1.      Adjat Sudradjat.,  1992. Majalah Pertambangan dan Energi No. 6/Thn XVII/1992.


2.      ……………………., 1989. Forecasting And Mitigation Hazard In Indonesia. in : Pusat
Penelitian dan Pengembangan Geologi,  Geologi Kuarter Kaitannya Dengan Bencana
Alam. : 24-40
3.      ................................, 199?, Seputar Gunungapi dan Gempabumi, Ilham Jaya Bandung.
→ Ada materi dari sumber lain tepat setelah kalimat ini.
(* There exists a set of $1932$ unit vectors in $\mathbb{R}^{14}$ such that the inner product of any two distinct vectors lies in $\{0,\pm\tfrac14,\pm\tfrac12,-1\}$. In particular the kissing number in dimension $14$ is at least $1932$.
   Context: The kissing number in dimension $d$ is the maximal number of unit vectors in $\mathbb{R}^d$ with pairwise inner products at most $1/2$. *)

theory Defs
  imports "HOL-Analysis.Analysis" "HOL-Library.Numeral_Type"
begin

definition kissing_config :: "'a::real_inner set \<Rightarrow> bool" where
  "kissing_config S \<longleftrightarrow> (\<forall>x\<in>S. norm x = 1) \<and>
     (\<forall>x\<in>S. \<forall>y\<in>S. x \<noteq> y \<longrightarrow> inner x y \<le> 1/2)"

definition kissing_number :: "'a::euclidean_space itself \<Rightarrow> nat" where
  "kissing_number _ = Sup {card S | S :: 'a set. finite S \<and> kissing_config S}"

end

theory Submission
  imports Defs
begin

(*
  The 63 roots of E7 modulo sign, scaled to squared length 4, form a set R in Z^7 with inner
  products in {-2, 0, 2}. Assign to each root x a frame F(x) of seven mutually orthogonal roots
  such that non-orthogonal roots receive disjoint frames. Then the 4 * 63 * 7 = 1764 vectors
  (s x, t y) with y in F(x) and signs s, t, together with the 2 * 84 vectors (u, 0) and (0, u)
  for u = +-2e_i +-2e_j in Z^7, all have squared length 8 and pairwise inner products in
  {0, +-2, +-4, -8}; scaled by 1/(2 sqrt 2) they are the required 1932 unit vectors in R^14.
  The bound on the kissing number then only needs the sizes of kissing configurations to be
  bounded, which follows because rounding coordinates to a grid of mesh 1/n separates points at
  distance at least 1.
*)

definition dot :: "int list \<Rightarrow> int list \<Rightarrow> int" where
  "dot x y = sum_list (map2 (*) x y)"

lemma dot_commute: "dot x y = dot y x"
  unfolding dot_def by (subst zip_commute) (simp add: case_prod_unfold comp_def mult.commute)

lemma dot_append: "length a = length c \<Longrightarrow> dot (a @ b) (c @ d) = dot a c + dot b d"
  by (simp add: dot_def)

lemma dot_scale: "dot (map ((*) s) x) (map ((*) t) y) = s * t * dot x y"
  unfolding dot_def
proof (induction x arbitrary: y)
  case (Cons a x)
  then show ?case by (cases y) (simp_all add: algebra_simps)
qed simp

lemma dot_scale_left: "dot (map ((*) s) x) y = s * dot x y"
  using dot_scale[of s x 1 y] by (simp add: map_idI)

lemma dot_zeros_left [simp]: "dot (replicate n 0) u = 0"
  unfolding dot_def by (simp add: zip_replicate1 comp_def)

lemma dot_zeros_right [simp]: "dot u (replicate n 0) = 0"
  using dot_zeros_left dot_commute by metis

lemma dot_eq_sum_nth: "length x = length y \<Longrightarrow> dot x y = (\<Sum>k<length x. x ! k * y ! k)"
  unfolding dot_def
proof (induction x arbitrary: y)
  case (Cons a x)
  then obtain b y' where "y = b # y'" "length x = length y'" by (cases y) auto
  then show ?case using Cons.IH by (simp del: sum.lessThan_Suc add: sum.lessThan_Suc_shift)
qed simp

locale frame_doubling =
  fixes m :: nat and R :: "int list set" and F :: "int list \<Rightarrow> int list set" and D :: "int list set"
  assumes finite_R: "finite R" and finite_D: "finite D"
    and length_R: "x \<in> R \<Longrightarrow> length x = m"
    and length_D: "u \<in> D \<Longrightarrow> length u = m"
    and dot_R_self: "x \<in> R \<Longrightarrow> dot x x = 4"
    and dot_R: "x \<in> R \<Longrightarrow> x' \<in> R \<Longrightarrow> x \<noteq> x' \<Longrightarrow> dot x x' \<in> {-2, 0, 2}"
    and frame_subset: "x \<in> R \<Longrightarrow> F x \<subseteq> R"
    and frame_orthogonal: "x \<in> R \<Longrightarrow> y \<in> F x \<Longrightarrow> y' \<in> F x \<Longrightarrow> y \<noteq> y' \<Longrightarrow> dot y y' = 0"
    \<comment> \<open>otherwise \<open>(x, y)\<close> and \<open>(x', y)\<close> with \<open>dot x x' = 2\<close> would have inner product 6\<close>
    and frames_disjoint:
      "x \<in> R \<Longrightarrow> x' \<in> R \<Longrightarrow> x \<noteq> x' \<Longrightarrow> dot x x' \<noteq> 0 \<Longrightarrow> F x \<inter> F x' = {}"
    and dot_D_self: "u \<in> D \<Longrightarrow> dot u u = 8"
    and dot_D: "u \<in> D \<Longrightarrow> u' \<in> D \<Longrightarrow> u \<noteq> u' \<Longrightarrow> dot u u' \<in> {-8, -4, 0, 4}"
    and dot_R_D: "x \<in> R \<Longrightarrow> u \<in> D \<Longrightarrow> dot x u \<in> {-4, -2, 0, 2, 4}"
begin

definition frame_index :: "((int list \<times> int list) \<times> int \<times> int) set" where
  "frame_index = Sigma R F \<times> {1, -1} \<times> {1, -1}"

definition code_index :: "(((int list \<times> int list) \<times> int \<times> int) + (int list + int list)) set" where
  "code_index = frame_index <+> (D <+> D)"

fun code_vector :: "((int list \<times> int list) \<times> int \<times> int) + (int list + int list) \<Rightarrow> int list" where
  "code_vector (Inl ((x, y), (s, t))) = map ((*) s) x @ map ((*) t) y"
| "code_vector (Inr (Inl u)) = u @ replicate m 0"
| "code_vector (Inr (Inr u)) = replicate m 0 @ u"

lemma frame_index_memD:
  assumes "((x, y), (s, t)) \<in> frame_index"
  shows "x \<in> R" "y \<in> R" "y \<in> F x" "s \<in> {1, -1}" "t \<in> {1, -1}"
  using assms frame_subset by (auto simp: frame_index_def)

lemma dot_frame_vectors:
  assumes "a \<in> frame_index" "b \<in> frame_index" "a \<noteq> b"
  shows "dot (code_vector (Inl a)) (code_vector (Inl b)) \<in> {0, 2, -2, 4, -4, -8}"
proof -
  obtain x y s t where a: "a = ((x, y), (s, t))" by (metis prod.collapse)
  obtain x' y' s' t' where b: "b = ((x', y'), (s', t'))" by (metis prod.collapse)
  note p = frame_index_memD[OF assms(1)[unfolded a]]
    and q = frame_index_memD[OF assms(2)[unfolded b]]
  have dot_eq: "dot (code_vector (Inl a)) (code_vector (Inl b)) = s * s' * dot x x' + t * t' * dot y y'"
    using length_R[OF p(1)] length_R[OF q(1)] by (simp add: a b dot_append dot_scale)
  have signs: "s * s' \<in> {1, -1}" "t * t' \<in> {1, -1}"
    using p q by auto
  show ?thesis
  proof (cases "x = x'")
    case True
    show ?thesis
    proof (cases "y = y'")
      case True
      then have "s \<noteq> s' \<or> t \<noteq> t'" using \<open>x = x'\<close> assms(3) by (auto simp: a b)
      then show ?thesis
        using dot_eq \<open>x = x'\<close> True dot_R_self[OF p(1)] dot_R_self[OF p(2)] p q by auto
    next
      case False
      then have "dot y y' = 0" using frame_orthogonal p q \<open>x = x'\<close> by auto
      then have "dot (code_vector (Inl a)) (code_vector (Inl b)) = s * s' * 4"
        using dot_eq \<open>x = x'\<close> dot_R_self[OF p(1)] by simp
      then show ?thesis using signs(1) by (auto simp: mult.commute)
    qed
  next
    case False
    show ?thesis
    proof (cases "dot x x' = 0")
      case True
      have "dot y y' \<in> {4, -2, 0, 2}"
        using dot_R[OF p(2) q(2)] dot_R_self[OF p(2)] by (cases "y = y'") auto
      then show ?thesis using True dot_eq signs by auto
    next
      case False
      then have "y \<noteq> y'" using frames_disjoint p q \<open>x \<noteq> x'\<close> by blast
      then have "dot y y' \<in> {-2, 0, 2}" using dot_R p q by blast
      moreover have "dot x x' \<in> {-2, 2}" using dot_R[OF p(1) q(1) \<open>x \<noteq> x'\<close>] False by auto
      ultimately show ?thesis using dot_eq signs by auto
    qed
  qed
qed

lemma dot_frame_vector_D_vector:
  assumes "p \<in> frame_index" "b \<in> D <+> D"
  shows "dot (code_vector (Inl p)) (code_vector (Inr b)) \<in> {-4, -2, 0, 2, 4}"
proof -
  obtain x y s t where p: "p = ((x, y), (s, t))" by (metis prod.collapse)
  note mem = frame_index_memD[OF assms(1)[unfolded p]]
  from assms(2) consider u where "u \<in> D" "b = Inl u" | u where "u \<in> D" "b = Inr u"
    by blast
  then show ?thesis
  proof cases
    case 1
    then have "dot (code_vector (Inl p)) (code_vector (Inr b)) = s * dot x u"
      using length_R[OF mem(1)] length_D by (simp add: p dot_append dot_scale_left)
    then show ?thesis using dot_R_D[OF mem(1) 1(1)] mem(4) by auto
  next
    case 2
    then have "dot (code_vector (Inl p)) (code_vector (Inr b)) = t * dot y u"
      using length_R[OF mem(1)] by (simp add: p dot_append dot_scale_left)
    then show ?thesis using dot_R_D[OF mem(2) 2(1)] mem(5) by auto
  qed
qed

lemma dot_code_vectors:
  assumes "i \<in> code_index" "j \<in> code_index" "i \<noteq> j"
  shows "dot (code_vector i) (code_vector j) \<in> {0, 2, -2, 4, -4, -8}"
proof -
  have D_pair: "dot u u' \<in> {0, 2, -2, 4, -4, -8}" if "u \<in> D" "u' \<in> D" "u \<noteq> u'" for u u'
    using dot_D[OF that] by auto
  have D_vectors: "dot (code_vector (Inr a)) (code_vector (Inr b)) \<in> {0, 2, -2, 4, -4, -8}"
    if "a \<in> D <+> D" "b \<in> D <+> D" "a \<noteq> b" for a b
    using that by (elim PlusE) (auto simp: dot_append length_D dest: D_pair)
  from assms(1,2) consider
      (frame_frame) a b where "i = Inl a" "j = Inl b" "a \<in> frame_index" "b \<in> frame_index"
    | (frame_D) a b where "i = Inl a" "j = Inr b" "a \<in> frame_index" "b \<in> D <+> D"
    | (D_frame) a b where "i = Inr a" "j = Inl b" "a \<in> D <+> D" "b \<in> frame_index"
    | (D_D) a b where "i = Inr a" "j = Inr b" "a \<in> D <+> D" "b \<in> D <+> D"
    unfolding code_index_def by blast
  then show ?thesis
  proof cases
    case frame_frame
    then show ?thesis using dot_frame_vectors assms(3) by blast
  next
    case frame_D
    then show ?thesis using dot_frame_vector_D_vector[of a b] by auto
  next
    case D_frame
    then show ?thesis using dot_frame_vector_D_vector[of b a] by (auto simp: dot_commute)
  next
    case D_D
    then show ?thesis using D_vectors assms(3) by blast
  qed
qed

lemma length_code_vector: "i \<in> code_index \<Longrightarrow> length (code_vector i) = 2 * m"
  using length_R length_D frame_index_memD by (auto simp: code_index_def)

lemma dot_code_vector_self:
  assumes "i \<in> code_index"
  shows "dot (code_vector i) (code_vector i) = 8"
proof (cases i rule: code_vector.cases)
  case (1 x y s t)
  then have "((x, y), (s, t)) \<in> frame_index" using assms by (auto simp: code_index_def)
  from frame_index_memD[OF this] show ?thesis
    using 1 dot_R_self length_R by (auto simp: dot_append dot_scale)
qed (use assms dot_D_self length_D in \<open>auto simp: code_index_def dot_append\<close>)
4.      Alzwar, M., 1989. Gunungapi aktif di Indonesia, Ancaman Bahaya dan Usaha
Penanggulangannya, Direktorat Vulkanologi Bandung.
5.      Heryadi Rachmat, 1990. Mengenal Tata Cara Pencegahan dan Penanggulangan
Bencana Alam Geologi, Kanwil Dep. Pertambangan dan Energi Prop. NTB.
6.      Heryadi Rachmat, 2004, Mengenal Ancaman Bencana Geologi, Ikatan Ahli Geologi
Indonesia Pengurus daerah Nusa Tenggara.
7.      ……………..dan Suratno, 1993, Penyuluhan Bencana Alam Di Kab. Sikka, Ende,
Manggarai dan Ngada (Flores),  Kanwil Dep. Pertambangan dan Energi Prop. NTB.
8.      Katili, J.A., 1986.  Laksana Beraraknya Mega, CV. Bina Jasa Offset Jakarta.